Here's the Jacobian map:

$$\begin{align*} J_f(e_1) &= \frac{x e_1}{\sqrt{x^2 + y^2}} - y e_2 \\ J_f (e_2) &= \frac{y e_1}{\sqrt{x^2 + y^2}} + x e_2\end{align*}$$

Along the curve, $x = \cos t$ and $y = \sin t$, so we get

$$\begin{align*} J_f (\dot \ell(t)) &= -(\sin t )(e_1 \cos t - e_2 \sin t) + (\cos t)(e_1 \sin t + e_2 \cos t) \\ &= e_2\end{align*}$$

Remember that $e_2$ is associated with $\theta$--this says that, unsurprisingly, the velocity is entirely in the $\theta$ direction along this curve. We conclude that $\dot \ell(t) = J_f^{-1}(e_2) = e_\theta$.

In conclusion, we started with a tangent vector $\dot \ell(t)$ in our Cartesian coordinate system, and we moved it--using the Jacobian $J_f$--into a deformed plane where $(r,\theta)$ are "Cartesian" coordinates instead. The Jacobian is what moves tangent vectors from one space to another (or between coordinate systems), but positions are different and will always be handled by the full, nonlinear transformation.

One way you can remember this is that the Jacobian is like the derivative of the transformation, and so it's appropriate for moving things involving derivatives, like $\dot \ell(t)$, which is a velocity.


First of all you have to understand that Jacobian is not a transformation of Cartesian Coordinates to Polar Coordinates.
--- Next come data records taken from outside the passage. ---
lemma lmi_form_pos_at_data:
  assumes P: "P \<in> carrier_mat m nx" and F: "F \<in> carrier_mat mw nx" and i: "i < m"
    and A: "A \<in> carrier_mat nx nx" and B: "B \<in> carrier_mat nx nu" and K: "K \<in> carrier_mat nu nx"
    and b: "b \<in> carrier_vec m" and d: "d \<in> carrier_vec mw"
    and D: "D \<in> diag_pos m" and W: "W \<in> diag_pos mw"
    and rpi: "RPI nx P F i A B K b d D W"
    and x: "x1 \<in> carrier_vec nu" "x2 \<in> carrier_vec m" "x3 \<in> carrier_vec mw"
    and y: "y \<in> carrier_vec 1" and z: "z1 \<in> carrier_vec nx" "z2 \<in> carrier_vec nx"
    and nz: "\<not> list_all2 (\<lambda>v n. v = 0\<^sub>v n) [x1, x2, x3, y, z1, z2] [nu, m, mw, 1, nx, nx]"
  shows "0 < vconcat [x1, x2, x3, y, z1, z2] \<bullet> (block_mat (lmi_blocks nx nu m mw P F i B K D W A B d K b (minv D) (minv W))
        *\<^sub>v vconcat [x1, x2, x3, y, z1, z2])"
proof -
  have Dh: "minv D \<in> diag_pos m" and Wh: "minv W \<in> diag_pos mw"
    using minv_diag_pos(1) D W by blast+
  have Dc: "D \<in> carrier_mat m m" "W \<in> carrier_mat mw mw"
    using D W by (simp_all add: diag_pos_carrier)
  note decomposition = lmi_quadratic_form_at_data[OF P F i A B K b d D W x y z]
  let ?N = "block_mat (rpi_blocks nx P F i A B K b d D W)"
  show ?thesis
  proof (cases "list_all2 (\<lambda>v n. v = 0\<^sub>v n) [y, z1, z2] [1, nx, nx]")
    case False
    have "0 < vconcat [y, z1, z2] \<bullet> (?N *\<^sub>v vconcat [y, z1, z2])"
      using rpi block_mat_carrier[OF rpi_blocks_carrier[OF P F i A B K b d Dc]] y z False
      by (intro pos_def_vconcatD[where ns = "[1, nx, nx]"]) (simp_all add: RPI_iff_pos_def)
    moreover have "0 \<le> (x2 + y $ 0 \<cdot>\<^sub>v (D *\<^sub>v b)) \<bullet> (minv D *\<^sub>v (x2 + y $ 0 \<cdot>\<^sub>v (D *\<^sub>v b)))"
      using x b Dc by (intro diag_pos_quadratic_form_nonneg[OF Dh]) simp
    moreover have "0 \<le> (x3 + y $ 0 \<cdot>\<^sub>v (W *\<^sub>v d)) \<bullet> (minv W *\<^sub>v (x3 + y $ 0 \<cdot>\<^sub>v (W *\<^sub>v d)))"
      using x d Dc by (intro diag_pos_quadratic_form_nonneg[OF Wh]) simp
    ultimately show ?thesis
      unfolding decomposition using scalar_prod_self_nonneg by (smt (verit))
  next
    case True
    then have yz0: "y = 0\<^sub>v 1" "z1 = 0\<^sub>v nx" "z2 = 0\<^sub>v nx" by simp_all
    have r: "row P i \<in> carrier_vec nx" using P i by simp
    have "vconcat [y, z1, z2] \<bullet> (?N *\<^sub>v vconcat [y, z1, z2]) = 0"
      unfolding rpi_quadratic_form[OF P F i A B K b d Dc y z] using F P Dc yz0 by simp
    moreover have "x1 - 0 \<cdot>\<^sub>v (transpose_mat B *\<^sub>v row P i) + 0\<^sub>v nu = x1"
      "x2 + 0 \<cdot>\<^sub>v (D *\<^sub>v b) = x2" "x3 + 0 \<cdot>\<^sub>v (W *\<^sub>v d) = x3"
      using x B r Dc b d by (auto intro!: eq_vecI)
    ultimately have Q: "vconcat [x1, x2, x3, y, z1, z2] \<bullet> (block_mat (lmi_blocks nx nu m mw P F i B K D W A B d K b (minv D) (minv W))
        *\<^sub>v vconcat [x1, x2, x3, y, z1, z2]) = x1 \<bullet> x1 + x2 \<bullet> (minv D *\<^sub>v x2) + x3 \<bullet> (minv W *\<^sub>v x3)"
      unfolding decomposition using yz0 carrier_matD[OF K] by simp
    have "0 \<le> x1 \<bullet> x1" "0 \<le> x2 \<bullet> (minv D *\<^sub>v x2)" "0 \<le> x3 \<bullet> (minv W *\<^sub>v x3)"
      using scalar_prod_self_nonneg diag_pos_quadratic_form_nonneg[OF Dh x(2)]
        diag_pos_quadratic_form_nonneg[OF Wh x(3)] by simp_all
    moreover have "x1 \<noteq> 0\<^sub>v nu \<Longrightarrow> 0 < x1 \<bullet> x1"
      using diag_pos_quadratic_form_pos[OF one_diag_pos x(1)] x(1) by simp
    moreover have "x2 \<noteq> 0\<^sub>v m \<Longrightarrow> 0 < x2 \<bullet> (minv D *\<^sub>v x2)"
      by (rule diag_pos_quadratic_form_pos[OF Dh x(2)])
    moreover have "x3 \<noteq> 0\<^sub>v mw \<Longrightarrow> 0 < x3 \<bullet> (minv W *\<^sub>v x3)"
      by (rule diag_pos_quadratic_form_pos[OF Wh x(3)])
    moreover have "x1 \<noteq> 0\<^sub>v nu \<or> x2 \<noteq> 0\<^sub>v m \<or> x3 \<noteq> 0\<^sub>v mw"
      using nz yz0 by simp
    ultimately show ?thesis unfolding Q by linarith
  qed
qed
Infact, there exists no such linear transformation from Cartesian Coordinates to Polar Coordinates since the transformation is not linear. (lines cannot be mapped to circles).
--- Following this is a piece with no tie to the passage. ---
(* Let $\pi_1(K^2)=\langle a,b\mid aba^{-1}=b^{-1}\rangle$ and let $\rho\colon\pi_1(K^2)\to\mathrm{Isom}(\mathbb{H}^3)$ preserve the orientation type with $\rho(b)\neq\mathrm{Id}$. Then: if $\rho$ is parabolic, $I_\gamma(\rho)=0$ for all $\gamma\in\langle a^2,b\rangle$; if $\rho$ is of type I, $I_{a^2}(\rho)\ge0$ and $I_b(\rho)<0$; if $\rho$ is of type II, $I_{a^2}(\rho)\le0$ and $I_b(\rho)>0$.
   Context: $\rho$ preserves the orientation type if $\rho(\gamma)$ is orientation-preserving iff $\gamma$ is an orientation-preserving loop of $K^2$ (so $\rho(a)$ reverses and $\rho(b)$ preserves orientation). Such $\rho$ with $\rho(b)\ne\mathrm{Id}$ is conjugate, as transformations $A=\rho(a)$, $B=\rho(b)$ of $\mathbb{C}\cup\{\infty\}$, to one of: parabolic: $A(z)=\overline z+1$ or $A(z)=\overline z$, with $B(z)=z+\tau i$, $\tau>0$; type I: $A(z)=e^{l}\overline z$, $B(z)=e^{\alpha i}z$, $l\ge0$, $\alpha\in(0,\pi]$; type II: $A(z)=e^{\alpha i}/\overline z$, $B(z)=e^{l}z$, $l>0$, $\alpha\in[0,\pi]$. For $\gamma$ in the orientation subgroup $\langle a^2,b\rangle$, $I_\gamma(\rho)=(\mathrm{trace}_{\mathrm{PSL}(2,\mathbb{C})}\rho(\gamma))^2-4$. *)

theory Defs
  imports Complex_Main
begin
Jacobian Metrix represents matrix with partial derivative of one vector with respect to another vector. i.e. $$\frac{\partial(x,y)}{\partial(r,\theta)}=\begin{pmatrix}\frac{\partial x}{\partial r}\;\;\frac{\partial x}{\partial \theta}\\ \frac{\partial y}{\partial r}\;\;\frac{\partial y}{\partial \theta}\end{pmatrix}=\begin{pmatrix}\cos(\theta)& -r\sin(\theta) \\ \sin(\theta)& r\cos(\theta)\end{pmatrix}$$